ABOUT THIS TASK:
Find the lines below that include the word "induction" and state how many there are, adding nothing.

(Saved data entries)
(* For every tight intersection lattice $L$, we have $\bullet(\mathrm{nti}(L))=2^{\hat 1_L}$, i.e., every subset of $\hat 1_L$ belongs to $\bullet(\mathrm{nti}(L))$.
   Context: A finite family $\mathcal{F}$ of sets is non-trivial if it is non-empty and no $X\in\mathcal{F}$ satisfies $X=\bigcup\mathcal{F}$. For such $\mathcal{F}$ and non-empty $\mathcal{T}\subseteq\mathcal{F}$, let $S_{\mathcal{T}}=\bigcap\mathcal{T}$, and let $S_\emptyset=\bigcup\mathcal{F}$. The intersection lattice of $\mathcal{F}$ is $\mathbb{L}_{\mathcal{F}}=(\{S_{\mathcal{T}}\mid\mathcal{T}\subseteq\mathcal{F}\},\subseteq)$, with greatest element $\hat 1=\bigcup\mathcal{F}$; an intersection lattice is one of this form. For $L=\mathbb{L}_{\mathcal{F}}$ and $x\in\hat 1$, let $\min_L(x)=S_{\{X\in\mathcal{F}\mid x\in X\}}$. $L$ is tight if for every $U\in L$ with $U\neq\hat 1$ there is exactly one $x\in\hat 1$ with $\min_L(x)=U$. Let $\mathrm{nti}(L)=\{U\in L\mid U\neq\hat 1\}$. For sets $A,B$, $A\,\dot\cup\,B=A\cup B$ is defined only when $A\cap B=\emptyset$, and $A\,\dot\setminus\,B=A\setminus B$ is defined only when $B\subseteq A$. For a finite family $\mathcal{G}$ of sets, $\bullet(\mathcal{G})$ is the smallest family of sets containing $\emptyset$ and every member of $\mathcal{G}$ and closed under all well-defined disjoint unions and subset complements. *)

theory Defs
  imports Main
begin

definition nontrivial_family :: "'a set set \<Rightarrow> bool" where
  "nontrivial_family F \<longleftrightarrow> finite F \<and> F \<noteq> {} \<and> (\<forall>X\<in>F. X \<noteq> \<Union>F)"

definition S_fam :: "'a set set \<Rightarrow> 'a set set \<Rightarrow> 'a set" where
  "S_fam F T = (if T = {} then \<Union>F else \<Inter>T)"

definition int_lattice :: "'a set set \<Rightarrow> 'a set set" where
  "int_lattice F = {S_fam F T | T. T \<subseteq> F}"

definition top_elem :: "'a set set \<Rightarrow> 'a set" where
  "top_elem F = \<Union>F"

definition min_L :: "'a set set \<Rightarrow> 'a \<Rightarrow> 'a set" where
  "min_L F x = S_fam F {X \<in> F. x \<in> X}"

definition tight :: "'a set set \<Rightarrow> bool" where
  "tight F \<longleftrightarrow> (\<forall>U \<in> int_lattice F. U \<noteq> top_elem F \<longrightarrow>
      (\<exists>!x. x \<in> top_elem F \<and> min_L F x = U))"

definition nti :: "'a set set \<Rightarrow> 'a set set" where
  "nti F = {U \<in> int_lattice F. U \<noteq> top_elem F}"

inductive_set bullet :: "'a set set \<Rightarrow> 'a set set" for G :: "'a set set" where
  empty: "{} \<in> bullet G"
| base: "A \<in> G \<Longrightarrow> A \<in> bullet G"
| disj_union: "A \<in> bullet G \<Longrightarrow> B \<in> bullet G \<Longrightarrow> A \<inter> B = {} \<Longrightarrow> A \<union> B \<in> bullet G"
| subset_diff: "A \<in> bullet G \<Longrightarrow> B \<in> bullet G \<Longrightarrow> B \<subseteq> A \<Longrightarrow> A - B \<in> bullet G"

end

theory Submission
  imports Defs
begin

text \<open>Tightness makes \<open>x \<mapsto> min_L x\<close> injective on \<open>\<hat>1\<close>; since its values lie in the
  finite family \<open>nti L\<close>, the set \<open>\<hat>1\<close> is finite. As \<open>y \<in> min_L x\<close> implies
  \<open>min_L y \<subseteq> min_L x\<close>, injectivity gives \<open>min_L y \<subset> min_L x\<close> for \<open>y \<noteq> x\<close>. By
  induction on \<open>|min_L x|\<close>, the set \<open>min_L x - {x}\<close> is a disjoint union of singletons
  already in \<open>\<bullet>(nti L)\<close>, so \<open>{x} = min_L x - (min_L x - {x})\<close> lies in it too; with all
  singletons, every subset of \<open>\<hat>1\<close> does.\<close>

lemma finite_set_in_bullet_if_singletons:
  assumes "finite A" "\<And>x. x \<in> A \<Longrightarrow> {x} \<in> bullet G"
  shows "A \<in> bullet G"
  using assms
proof (induction A rule: finite_induct)
  case empty
  show ?case by (rule bullet.empty)
next
  case (insert x A)
  have "{x} \<union> A \<in> bullet G"
    using insert by (intro bullet.disj_union) auto
  then show ?case by simp
qed

lemma Pow_subset_bullet_if_injective_closure:
  assumes "finite V" and inj: "inj_on m V"
    and extensive: "\<And>x. x \<in> V \<Longrightarrow> x \<in> m x"
    and closed: "\<And>x. x \<in> V \<Longrightarrow> m x \<subseteq> V"
    and mono: "\<And>x y. x \<in> V \<Longrightarrow> y \<in> m x \<Longrightarrow> m y \<subseteq> m x"
    and generators: "\<And>x. x \<in> V \<Longrightarrow> m x \<in> G"
  shows "Pow V \<subseteq> bullet G"
proof -
  have singleton: "{x} \<in> bullet G" if "x \<in> V" for x
    using that
  proof (induction x rule: measure_induct_rule[of "\<lambda>x. card (m x)"])
    case (less x)
    have finite_mx: "finite (m x)"
      using closed[OF less.prems] \<open>finite V\<close> by (rule finite_subset)
    have smaller: "{y} \<in> bullet G" if y: "y \<in> m x - {x}" for y
    proof -
      have "y \<in> V" using y closed[OF less.prems] by auto
      have "m y \<noteq> m x"
        using inj_onD[OF inj _ \<open>y \<in> V\<close> less.prems] y by blast
      then have "m y \<subset> m x" using mono[OF less.prems] y by blast
      then have "card (m y) < card (m x)" by (rule psubset_card_mono[OF finite_mx])
      then show ?thesis using less.IH \<open>y \<in> V\<close> by blast
    qed
    have "m x - {x} \<in> bullet G"
    proof (rule finite_set_in_bullet_if_singletons)
      show "finite (m x - {x})" using finite_mx by simp
    qed (rule smaller)
    with bullet.base[OF generators[OF less.prems]]
    have "m x - (m x - {x}) \<in> bullet G" by (rule bullet.subset_diff) blast
    moreover have "m x - (m x - {x}) = {x}" using extensive[OF less.prems] by auto
    ultimately show ?case by simp
  qed
  show ?thesis
  proof
    fix A assume "A \<in> Pow V"
    then have "A \<subseteq> V" by simp
    show "A \<in> bullet G"
    proof (rule finite_set_in_bullet_if_singletons)
      show "finite A" using \<open>A \<subseteq> V\<close> \<open>finite V\<close> by (rule finite_subset)
      show "{x} \<in> bullet G" if "x \<in> A" for x
        using that \<open>A \<subseteq> V\<close> singleton by blast
    qed
  qed
qed

lemma min_L_eq_Inter:
  assumes "x \<in> top_elem F"
  shows "min_L F x = \<Inter>{X \<in> F. x \<in> X}"
  using assms by (auto simp: min_L_def S_fam_def top_elem_def)

lemma mem_min_L:
  assumes "x \<in> top_elem F"
  shows "x \<in> min_L F x"
  using assms by (simp add: min_L_eq_Inter)

lemma min_L_subset_top_elem:
  assumes "x \<in> top_elem F"
  shows "min_L F x \<subseteq> top_elem F"
  using assms by (auto simp: min_L_eq_Inter top_elem_def)

lemma min_L_mono:
  assumes "x \<in> top_elem F" "y \<in> min_L F x"
  shows "min_L F y \<subseteq> min_L F x"
proof -
  have "y \<in> top_elem F" using min_L_subset_top_elem[OF assms(1)] assms(2) by blast
  then show ?thesis
    using assms unfolding min_L_eq_Inter[OF assms(1)] min_L_eq_Inter[OF \<open>y \<in> top_elem F\<close>]
    by blast
qed

lemma min_L_in_nti:
  assumes "nontrivial_family F" "x \<in> top_elem F"
  shows "min_L F x \<in> nti F"
proof -
  obtain X where X: "X \<in> F" "x \<in> X"
    using assms(2) by (auto simp: top_elem_def)
  have "min_L F x \<subseteq> X" using X assms(2) by (auto simp: min_L_eq_Inter)
  moreover have "X \<subseteq> top_elem F" "X \<noteq> top_elem F"
    using assms(1) X by (auto simp: nontrivial_family_def top_elem_def)
  ultimately have "min_L F x \<noteq> top_elem F" by blast
  moreover have "min_L F x \<in> int_lattice F"
    unfolding int_lattice_def min_L_def by blast
  ultimately show ?thesis by (simp add: nti_def)
qed

lemma finite_nti:
  assumes "finite F"
  shows "finite (nti F)"
proof -
  have "int_lattice F = S_fam F ` Pow F" by (auto simp: int_lattice_def)
  then show ?thesis using assms by (simp add: nti_def)
qed

lemma inj_on_min_L_if_tight:
  assumes "nontrivial_family F" "tight F"
  shows "inj_on (min_L F) (top_elem F)"
proof (rule inj_onI)
  fix x y
  assume x: "x \<in> top_elem F" and y: "y \<in> top_elem F" and eq: "min_L F x = min_L F y"
  have "min_L F x \<in> int_lattice F" "min_L F x \<noteq> top_elem F"
    using min_L_in_nti[OF assms(1) x] by (auto simp: nti_def)
  with assms(2) have "\<exists>!z. z \<in> top_elem F \<and> min_L F z = min_L F x"
    unfolding tight_def by (elim ballE impE) auto
  then show "x = y" using x y eq by blast
qed

lemma finite_top_elem_if_tight:
  assumes "nontrivial_family F" "tight F"
  shows "finite (top_elem F)"
proof -
  have "min_L F ` top_elem F \<subseteq> nti F" using min_L_in_nti[OF assms(1)] by blast
  moreover have "finite (nti F)"
    using assms(1) by (intro finite_nti) (simp add: nontrivial_family_def)
  ultimately have "finite (min_L F ` top_elem F)" by (rule finite_subset)
  then show ?thesis using inj_on_min_L_if_tight[OF assms] by (rule finite_imageD)
qed

theorem fact4p8:
  fixes F :: "'a set set"
  assumes "nontrivial_family F"
    and "tight F"
  shows "\<forall>A. A \<subseteq> top_elem F \<longrightarrow> A \<in> bullet (nti F)"
proof -
  have "Pow (top_elem F) \<subseteq> bullet (nti F)"
  proof (rule Pow_subset_bullet_if_injective_closure)
    show "finite (top_elem F)" using assms by (rule finite_top_elem_if_tight)
    show "inj_on (min_L F) (top_elem F)" using assms by (rule inj_on_min_L_if_tight)
  qed (simp_all add: mem_min_L min_L_subset_top_elem min_L_mono min_L_in_nti[OF assms(1)])
  then show ?thesis by blast
qed

end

RESPONSE:
3